WHAT IS NEEDED: Your task is to repeat exactly the lines below between the line holding "ultimately show ?thesis using" and the line holding "by (rule infsum_mono_neutral)", inclusive, and only those.

────────────────────

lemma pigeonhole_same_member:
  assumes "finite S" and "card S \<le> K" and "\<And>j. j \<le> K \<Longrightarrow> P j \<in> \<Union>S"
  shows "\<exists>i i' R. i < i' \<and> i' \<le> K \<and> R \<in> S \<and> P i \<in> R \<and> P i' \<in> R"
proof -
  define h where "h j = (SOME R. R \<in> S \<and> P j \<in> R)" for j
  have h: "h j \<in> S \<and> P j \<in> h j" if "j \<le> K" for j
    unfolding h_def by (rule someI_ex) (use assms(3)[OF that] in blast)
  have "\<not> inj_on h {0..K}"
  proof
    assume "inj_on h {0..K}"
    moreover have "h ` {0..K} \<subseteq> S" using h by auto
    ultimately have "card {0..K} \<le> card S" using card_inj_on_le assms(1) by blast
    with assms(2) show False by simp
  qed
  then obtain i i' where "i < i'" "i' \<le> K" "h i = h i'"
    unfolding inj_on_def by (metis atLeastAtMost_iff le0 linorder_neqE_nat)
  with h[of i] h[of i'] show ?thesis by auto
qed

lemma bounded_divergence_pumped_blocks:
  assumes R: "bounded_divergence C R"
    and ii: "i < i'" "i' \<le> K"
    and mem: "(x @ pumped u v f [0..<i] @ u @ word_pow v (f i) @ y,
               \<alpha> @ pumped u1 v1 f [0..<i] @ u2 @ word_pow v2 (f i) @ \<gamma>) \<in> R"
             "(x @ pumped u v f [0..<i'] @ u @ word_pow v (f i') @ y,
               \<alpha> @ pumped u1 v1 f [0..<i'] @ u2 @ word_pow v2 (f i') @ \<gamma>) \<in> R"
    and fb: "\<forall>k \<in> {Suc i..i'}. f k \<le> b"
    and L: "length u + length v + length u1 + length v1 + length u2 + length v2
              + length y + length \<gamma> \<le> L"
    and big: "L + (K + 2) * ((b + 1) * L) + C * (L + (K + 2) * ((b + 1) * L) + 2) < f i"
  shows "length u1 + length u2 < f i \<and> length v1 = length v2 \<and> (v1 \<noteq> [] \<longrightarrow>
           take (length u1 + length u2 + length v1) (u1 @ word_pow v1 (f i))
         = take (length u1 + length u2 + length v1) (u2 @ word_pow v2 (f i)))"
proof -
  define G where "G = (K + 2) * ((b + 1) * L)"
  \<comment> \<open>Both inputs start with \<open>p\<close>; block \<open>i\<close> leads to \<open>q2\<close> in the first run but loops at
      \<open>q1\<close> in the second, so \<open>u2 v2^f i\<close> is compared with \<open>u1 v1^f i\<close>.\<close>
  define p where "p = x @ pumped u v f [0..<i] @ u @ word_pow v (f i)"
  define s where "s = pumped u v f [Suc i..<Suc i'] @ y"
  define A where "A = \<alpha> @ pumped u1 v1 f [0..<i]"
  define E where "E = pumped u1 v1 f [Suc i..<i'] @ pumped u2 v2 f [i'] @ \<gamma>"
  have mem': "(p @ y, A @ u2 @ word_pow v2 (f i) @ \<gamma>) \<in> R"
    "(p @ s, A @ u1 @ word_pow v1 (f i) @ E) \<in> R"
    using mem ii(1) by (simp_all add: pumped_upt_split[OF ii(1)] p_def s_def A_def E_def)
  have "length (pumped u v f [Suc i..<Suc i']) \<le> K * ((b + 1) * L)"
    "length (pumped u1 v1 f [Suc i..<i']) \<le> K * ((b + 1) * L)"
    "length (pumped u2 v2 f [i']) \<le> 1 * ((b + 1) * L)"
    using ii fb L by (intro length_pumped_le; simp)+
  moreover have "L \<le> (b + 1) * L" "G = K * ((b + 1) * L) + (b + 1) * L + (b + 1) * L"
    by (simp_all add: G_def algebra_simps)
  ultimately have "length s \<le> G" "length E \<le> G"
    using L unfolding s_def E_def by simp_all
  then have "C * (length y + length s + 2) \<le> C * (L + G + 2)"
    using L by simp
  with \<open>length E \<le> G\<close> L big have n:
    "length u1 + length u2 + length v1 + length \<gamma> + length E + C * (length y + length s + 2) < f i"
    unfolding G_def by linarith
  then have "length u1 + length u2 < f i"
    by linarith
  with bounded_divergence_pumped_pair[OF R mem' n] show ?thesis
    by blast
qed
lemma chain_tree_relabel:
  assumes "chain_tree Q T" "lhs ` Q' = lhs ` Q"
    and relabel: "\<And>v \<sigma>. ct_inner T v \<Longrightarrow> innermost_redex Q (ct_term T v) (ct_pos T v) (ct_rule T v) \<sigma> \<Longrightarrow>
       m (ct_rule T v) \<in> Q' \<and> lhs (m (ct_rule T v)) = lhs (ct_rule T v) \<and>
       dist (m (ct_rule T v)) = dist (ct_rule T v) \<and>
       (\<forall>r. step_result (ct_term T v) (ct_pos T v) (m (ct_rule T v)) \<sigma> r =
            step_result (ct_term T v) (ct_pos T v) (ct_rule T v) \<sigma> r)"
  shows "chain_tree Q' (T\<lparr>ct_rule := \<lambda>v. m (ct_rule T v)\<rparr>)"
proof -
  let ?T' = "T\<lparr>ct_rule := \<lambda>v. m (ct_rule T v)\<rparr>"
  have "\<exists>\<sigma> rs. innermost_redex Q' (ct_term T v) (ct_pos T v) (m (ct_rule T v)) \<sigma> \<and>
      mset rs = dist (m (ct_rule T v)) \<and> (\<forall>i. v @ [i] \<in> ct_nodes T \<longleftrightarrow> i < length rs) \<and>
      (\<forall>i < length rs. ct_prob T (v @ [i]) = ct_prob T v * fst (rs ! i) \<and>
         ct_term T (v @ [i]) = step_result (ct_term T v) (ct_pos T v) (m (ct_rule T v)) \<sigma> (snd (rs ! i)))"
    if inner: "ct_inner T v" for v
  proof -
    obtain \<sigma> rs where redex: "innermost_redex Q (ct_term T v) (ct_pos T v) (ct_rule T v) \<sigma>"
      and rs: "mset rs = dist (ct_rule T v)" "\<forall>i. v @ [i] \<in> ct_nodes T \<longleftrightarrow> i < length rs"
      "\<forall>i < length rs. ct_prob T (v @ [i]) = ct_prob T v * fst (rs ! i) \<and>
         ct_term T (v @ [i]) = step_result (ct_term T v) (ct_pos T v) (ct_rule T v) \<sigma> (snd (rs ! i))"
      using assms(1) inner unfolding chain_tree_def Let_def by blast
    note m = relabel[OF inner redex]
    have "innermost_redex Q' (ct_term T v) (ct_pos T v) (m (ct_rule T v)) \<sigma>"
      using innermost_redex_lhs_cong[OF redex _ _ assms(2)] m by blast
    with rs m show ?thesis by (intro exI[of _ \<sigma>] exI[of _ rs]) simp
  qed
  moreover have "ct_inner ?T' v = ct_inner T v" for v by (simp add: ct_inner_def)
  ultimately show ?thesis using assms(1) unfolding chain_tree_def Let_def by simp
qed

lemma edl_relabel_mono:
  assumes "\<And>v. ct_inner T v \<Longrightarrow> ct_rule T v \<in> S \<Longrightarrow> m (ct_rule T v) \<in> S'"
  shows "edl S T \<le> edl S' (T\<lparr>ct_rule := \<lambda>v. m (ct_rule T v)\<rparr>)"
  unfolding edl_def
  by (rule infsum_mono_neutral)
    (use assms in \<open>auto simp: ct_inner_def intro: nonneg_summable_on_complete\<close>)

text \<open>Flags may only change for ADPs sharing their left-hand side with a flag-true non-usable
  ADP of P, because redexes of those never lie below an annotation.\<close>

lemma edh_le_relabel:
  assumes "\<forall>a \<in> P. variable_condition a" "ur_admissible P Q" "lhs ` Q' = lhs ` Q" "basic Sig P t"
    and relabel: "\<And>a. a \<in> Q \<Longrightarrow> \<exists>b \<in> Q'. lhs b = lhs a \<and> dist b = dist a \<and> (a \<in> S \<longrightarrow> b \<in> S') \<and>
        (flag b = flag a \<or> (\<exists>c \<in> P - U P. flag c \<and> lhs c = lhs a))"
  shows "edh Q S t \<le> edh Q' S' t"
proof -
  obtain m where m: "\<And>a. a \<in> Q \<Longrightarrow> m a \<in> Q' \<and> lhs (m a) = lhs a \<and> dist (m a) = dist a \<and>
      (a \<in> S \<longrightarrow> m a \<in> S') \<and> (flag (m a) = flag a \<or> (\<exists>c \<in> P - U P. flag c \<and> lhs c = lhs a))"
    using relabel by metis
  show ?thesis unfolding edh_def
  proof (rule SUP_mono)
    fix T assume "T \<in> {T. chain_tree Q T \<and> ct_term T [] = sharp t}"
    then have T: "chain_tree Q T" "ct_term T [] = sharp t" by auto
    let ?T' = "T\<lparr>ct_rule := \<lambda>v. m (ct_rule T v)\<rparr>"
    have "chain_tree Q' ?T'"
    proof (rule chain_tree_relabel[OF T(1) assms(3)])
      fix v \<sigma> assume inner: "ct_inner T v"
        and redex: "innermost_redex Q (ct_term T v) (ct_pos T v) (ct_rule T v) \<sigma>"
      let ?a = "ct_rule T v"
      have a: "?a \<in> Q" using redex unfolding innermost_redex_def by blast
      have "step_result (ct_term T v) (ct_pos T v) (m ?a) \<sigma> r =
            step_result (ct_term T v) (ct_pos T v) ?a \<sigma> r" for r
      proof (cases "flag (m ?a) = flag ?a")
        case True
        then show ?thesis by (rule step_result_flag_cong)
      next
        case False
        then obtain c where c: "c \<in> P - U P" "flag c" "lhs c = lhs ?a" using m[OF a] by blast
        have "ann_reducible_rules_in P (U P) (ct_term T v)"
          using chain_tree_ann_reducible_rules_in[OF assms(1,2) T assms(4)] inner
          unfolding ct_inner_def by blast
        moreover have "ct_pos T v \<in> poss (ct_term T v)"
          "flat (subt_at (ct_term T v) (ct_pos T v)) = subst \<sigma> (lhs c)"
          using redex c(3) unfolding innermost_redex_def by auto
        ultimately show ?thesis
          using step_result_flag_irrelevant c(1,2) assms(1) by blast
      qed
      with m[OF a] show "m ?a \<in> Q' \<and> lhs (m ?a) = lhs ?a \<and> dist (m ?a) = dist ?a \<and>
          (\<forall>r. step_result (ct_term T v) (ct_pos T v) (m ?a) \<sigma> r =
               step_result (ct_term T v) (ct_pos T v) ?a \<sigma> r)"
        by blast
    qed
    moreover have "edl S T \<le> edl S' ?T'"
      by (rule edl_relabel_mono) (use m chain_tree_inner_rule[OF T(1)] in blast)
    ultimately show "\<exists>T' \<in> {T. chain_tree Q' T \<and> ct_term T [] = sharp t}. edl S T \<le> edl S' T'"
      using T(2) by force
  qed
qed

────────────────────

EXERCISE OUTPUT:
  ultimately show ?thesis using assms(1) unfolding chain_tree_def Let_def by simp
qed

lemma edl_relabel_mono:
  assumes "\<And>v. ct_inner T v \<Longrightarrow> ct_rule T v \<in> S \<Longrightarrow> m (ct_rule T v) \<in> S'"
  shows "edl S T \<le> edl S' (T\<lparr>ct_rule := \<lambda>v. m (ct_rule T v)\<rparr>)"
  unfolding edl_def
  by (rule infsum_mono_neutral)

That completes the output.